Отдав распоряжения, я иду к воротам и тяну за ржавую цепочку. Приглушенный звук колокольчика раздается где-то в глубине дома.
Берта, распахивая дверцу, орет мне вслед:
— Комиссар, все! Это здесь, здесь! Я вспомнила! Звук колокольчика! Я слышала его из своей комнаты… Это ведь был колокольчик, правда?
— Ложитесь, черт возьми! — кричу я шепотом, завидев среди деревьев приближающийся силуэт.
Толстуха сползает на пол машины. Нежный и заботливый муж быстро накидывает на нее плед. Эта вещь очень полезна в качестве подстилки, когда путешествуешь в лесу с дамой.
Ведь сосновые иголки, впивающиеся пониже спины, могут причинить серьезный вред.
Я рассматриваю приближающуюся фигуру. Это женщина. Да еще какая! У нее есть все, чтобы сразу понять, что на свет ты появился не зря.
Красотке лет двадцать пять максимум, фасад просто великолепный, с лепными украшениями, но без излишеств, мягкая грациозная походка, длинные ноги, глаза как незабудки, светлые пепельные волосы, коротко остриженные и рот сделан, чтобы сосать эскимо… Да, из-за такой хочется заказать столик в варьете «Лидо» и номер в отеле «Эксельсиор».
Черный кожаный пояс с золотыми заклепками плотно стягивает в талии короткое бежевое платье, а на ногах высокие бежево-черные башмачки. Мое восхищение настолько сильно, что я забываю, зачем пришел, и плотоядно сглатываю, вперив в нее взгляд.
— Кто вам нужен? — спрашивает мелодичный голос, в котором угадывается легкий иностранный акцент. Когда я говорю об иностранном акценте, это значит, что трудно определить с ходу, о каком именно идет речь. Он может быть и английским, и немецким, и американским или, скажем, скандинавским…
— Я из агентства «Вамдам-Жилье»… Мадемуазель прищуривает свои красивые глаза, что придает ей вид (как написал бы писатель-академик из престижного района Парижа) миниатюры кисти японского мастера.
— Агентство недвижимости рядом с церковью, — рапортую я, чтобы снять завесу недопонимания.
Она кивает головой.
— А! Да…
Но чудо природы, похоже, удивлено.
— Я думала, что все улажено? — возражает она.
Сан-Антонио Прекрасный напяливает на лицо самую искреннюю маску в стиле Казаковы. Глубокий проникающий взгляд, располагающая улыбка, ряд ослепительных зубов — любая девушка начинает ощущать, будто села в муравейник в разгар переезда его обитателей на новое место жительства.
Но в данном случае сеанс чарующих взглядов несвоевременен. Здесь нужен четкий и веский довод, помноженный на вежливость.
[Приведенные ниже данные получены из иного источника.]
lemma nf_word_cons_letter: "x # nf_word N \<simeq> nf_word (cons_letter x N)"
proof -
  obtain k l where N: "N = (k, l)" by (cases N)
  obtain s s' where x: "letter_syls x = (s, s')" by (cases "letter_syls x")
  let ?r = "concat (map syl_word l)" and ?ss' = "syl_word s @ syl_word s'"
  have "x # nf_word N = [] @ [x] @ nf_word N"
    by simp
  also have "\<dots> \<simeq> (inv_word full_twist @ full_twist) @ [x] @ nf_word N"
    using braid_eq_append[OF braid_eq.sym[OF braid_eq_inv_word_left] braid_eq.refl] by simp
  also have "\<dots> = inv_word full_twist @ (full_twist @ [x]) @ nf_word N"
    by simp
  also have "\<dots> \<simeq> inv_word full_twist @ ?ss' @ nf_word N"
    using braid_eq.sym[OF letter_syls_word[OF x]] by (rule braid_eq_context)
  also have "\<dots> \<simeq> ?ss' @ inv_word full_twist @ nf_word N"
  proof -
    have "inv_word full_twist @ ?ss' \<simeq> ?ss' @ inv_word full_twist"
      using central_inv_word[OF central_full_twist] braid_eq.sym unfolding central_def by blast
    from braid_eq_append[OF this braid_eq.refl[of "nf_word N"]] show ?thesis by simp
  qed
  also have "\<dots> = ?ss' @ (inv_word full_twist @ word_pow full_twist k) @ ?r"
    by (simp add: N)
  also have "\<dots> \<simeq> ?ss' @ word_pow full_twist (k - 1) @ ?r"
    using word_pow_pred by (rule braid_eq_context)
  also have "\<dots> = syl_word s @ (syl_word s' @ nf_word (k - 1, l))"
    by simp
  also have "\<dots> \<simeq> syl_word s @ nf_word (cons_syl s' (k - 1, l))"
    using braid_eq_append[OF braid_eq.refl nf_word_cons_syl] .
  also have "\<dots> \<simeq> nf_word (cons_letter x N)"
    using nf_word_cons_syl by (simp add: cons_letter_def N x)
  finally show ?thesis .
qed

fun normal_form :: "bword \<Rightarrow> int \<times> syllable list" where
  "normal_form [] = (0, [])"
| "normal_form (x # w) = cons_letter x (normal_form w)"

lemma braid_eq_nf_word_normal_form: "w \<simeq> nf_word (normal_form w)"
proof (induction w)
  case Nil
  show ?case by (simp add: braid_eq.refl)
next
  case (Cons x w)
  have "x # w \<simeq> x # nf_word (normal_form w)"
    using braid_eq_append[OF braid_eq.refl[of "[x]"] Cons.IH] by simp
  also have "\<dots> \<simeq> nf_word (normal_form (x # w))"
    using nf_word_cons_letter by simp
  finally show ?case .
qed

definition alternating :: "syllable list \<Rightarrow> bool" where
  "alternating = successively (\<lambda>r s. (r = SylA) \<noteq> (s = SylA))"

lemma alternating_cons_syl: "alternating (snd N) \<Longrightarrow> alternating (snd (cons_syl s N))"
  unfolding alternating_def
  by (cases "(s, N)" rule: cons_syl.cases) (auto simp: successively_Cons)

lemma alternating_normal_form: "alternating (snd (normal_form w))"
proof (induction w)
  case Nil
  show ?case by (simp add: alternating_def)
next
  case (Cons x w)
  then show ?case
    by (simp add: cons_letter_def alternating_cons_syl split: prod.split)
qed

section \<open>The Burau representation\<close>

lemma mat_mult_left: "mat c ** (A :: 'a::semiring_1^'m^'n) = (\<chi> i j. c * A $ i $ j)"
proof -
  have "(\<Sum>k\<in>UNIV. (if i = k then c else 0) * A $ k $ j) = c * A $ i $ j" for i j
  proof -
    have "(\<Sum>k\<in>UNIV. (if i = k then c else 0) * A $ k $ j) =
        (\<Sum>k\<in>UNIV. if i = k then c * A $ k $ j else 0)"
      by (rule sum.cong) simp_all
    then show ?thesis by simp
  qed
  then show ?thesis by (simp add: matrix_matrix_mult_def mat_def)
qed

lemma mat_mult_mat: "mat a ** mat b = (mat (a * b) :: 'a::semiring_1^'n^'n)"
  unfolding mat_mult_left by (simp add: mat_def vec_eq_iff)

lemma mat_mult_commute:
  fixes A :: "'a::comm_semiring_1^'n^'n"
  shows "mat c ** A = A ** mat c"
  by (simp add: matrix_matrix_mult_def mat_def vec_eq_iff if_distrib if_distribR mult.commute
      cong: if_cong)

lemma mat_mult_vector: "mat c *v v = c *s (v :: 'a::semiring_1^'n)"
  unfolding matrix_vector_mult_def mat_def
  by (auto simp: vec_eq_iff if_distrib if_distribR sum.delta'[OF finite] cong: if_cong)

lemma matrix_inv_invertible:
  assumes "invertible A"
  shows "A ** matrix_inv A = mat 1" "matrix_inv A ** A = mat 1"
  using someI_ex[OF assms[unfolded invertible_def]] by (simp_all add: matrix_inv_def)

definition mat2 :: "'a \<Rightarrow> 'a \<Rightarrow> 'a \<Rightarrow> 'a \<Rightarrow> 'a^2^2" where
  "mat2 a b c d = (\<chi> i j. if i = 1 then (if j = 1 then a else b) else (if j = 1 then c else d))"

lemma mat2_nth [simp]:
  "mat2 a b c d $ 1 $ 1 = a" "mat2 a b c d $ 1 $ 2 = b"
  "mat2 a b c d $ 2 $ 1 = c" "mat2 a b c d $ 2 $ 2 = d"
  by (simp_all add: mat2_def)

lemma mat2_eq_iff: "mat2 a b c d = mat2 a' b' c' d' \<longleftrightarrow> a = a' \<and> b = b' \<and> c = c' \<and> d = d'"
  by (metis mat2_nth)

lemma mat2_mult:
  "mat2 a b c d ** mat2 a' b' c' d' =
     mat2 (a * a' + b * c') (a * b' + b * d') (c * a' + d * c') (c * b' + d * d')"
  by (simp add: matrix_matrix_mult_def vec_eq_iff forall_2 sum_2)

lemma mat_eq_mat2: "mat a = mat2 a 0 0 a"
  by (simp add: mat_def vec_eq_iff forall_2)

lemma mat2_mult_vector:
  "(mat2 a b c d *v v) $ 1 = a * v $ 1 + b * v $ 2"
  "(mat2 a b c d *v v) $ 2 = c * v $ 1 + d * v $ 2"
  by (simp_all add: matrix_vector_mult_def sum_2)

lemma burau_s1_mat2: "burau_s1 t = mat2 (- t) 1 0 1"
  by (simp add: burau_s1_def mat2_def)

lemma burau_s2_mat2: "burau_s2 t = mat2 1 0 t (- t)"
  by (simp add: burau_s2_def mat2_def)

lemma det_burau_gen: "det (burau_gen t g) = - t"
  by (cases g) (simp_all add: det_2 burau_s1_mat2 burau_s2_mat2)

lemma burau_letter_inverse:
  assumes "t \<noteq> 0"
  shows "burau_letter t x ** burau_letter t (inv_letter x) = mat 1"
proof -
  obtain g b where x: "x = (g, b)" by (cases x)
  have "invertible (burau_gen t g)"
    using assms by (simp add: invertible_det_nz det_burau_gen)
  then show ?thesis
    unfolding x by (cases b) (simp_all add: matrix_inv_invertible)
qed

lemma burau_Nil [simp]: "burau t [] = mat 1"
  by (simp add: burau_def)

lemma burau_Cons: "burau t (x # w) = burau_letter t x ** burau t w"
  by (simp add: burau_def)

lemma burau_append: "burau t (u @ v) = burau t u ** burau t v"
  by (induction u) (simp_all add: burau_Cons matrix_mul_assoc)

lemma burau_basic_rel:
  assumes "t \<noteq> 0" "basic_rel l r"
  shows "burau t l = burau t r"
  using assms(2)
proof cases
  case (cancel x)
  then show ?thesis
    using burau_letter_inverse[OF assms(1)] by (simp add: burau_Cons)
next
  case braid
  then show ?thesis
    by (simp add: burau_Cons burau_s1_mat2 burau_s2_mat2 mat2_mult algebra_simps)
qed

lemma burau_braid_eq:
  assumes "t \<noteq> 0" "braid_eq w w'"
  shows "burau t w = burau t w'"
  using assms(2) by induction (simp_all add: burau_append burau_basic_rel[OF assms(1)])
— Граф де ля Гнилье, хозяин дома, забыл очки в комоде, — объясняю я, — а это специальные стекла с фокусом против поливалентного заражения. Он очень ими дорожит и просил нас переслать их ему, зайти сюда… извиниться перед вами…
Она опять кивает. Взгляд ее лазурных глаз останавливается на выглядывающей из-за лобового стекла роже Берю. Удивительно, но, похоже, физиономия, больше смахивающая на задницу, внушает ей доверие, поскольку красавица тут же отпирает ворота. — Пожалуйста, входите… Она поворачивается и идет по дорожке к дому. Я даю ей возможность идти чуть впереди, чтобы в свое удовольствие невооруженным глазом наблюдать за кульбитами ее шарнирного тыла. Я видел много попок в своей шальной жизни, плоских, круглых, прямоугольных, яйцевидных, отвислых, грустных, эллипсоидных, крепких, мягких, расплывчатых, мускулистых и всяких других, можете мне поверить на слово, но такой, как эта, завернутая в беж, — никогда. Ее папа, видно, все время думал о Родене, когда на седьмом небе снабжал ее маму.
Первое, что мне бросается в глаза, когда мы выходим через аллею к дому (он действительно в два этажа и на окнах деревянные жалюзи), — это американская машина. Правда, она не желто-голубая с зелеными сиденьями, как нам расписывала Берта, а черная с вишневыми подушками.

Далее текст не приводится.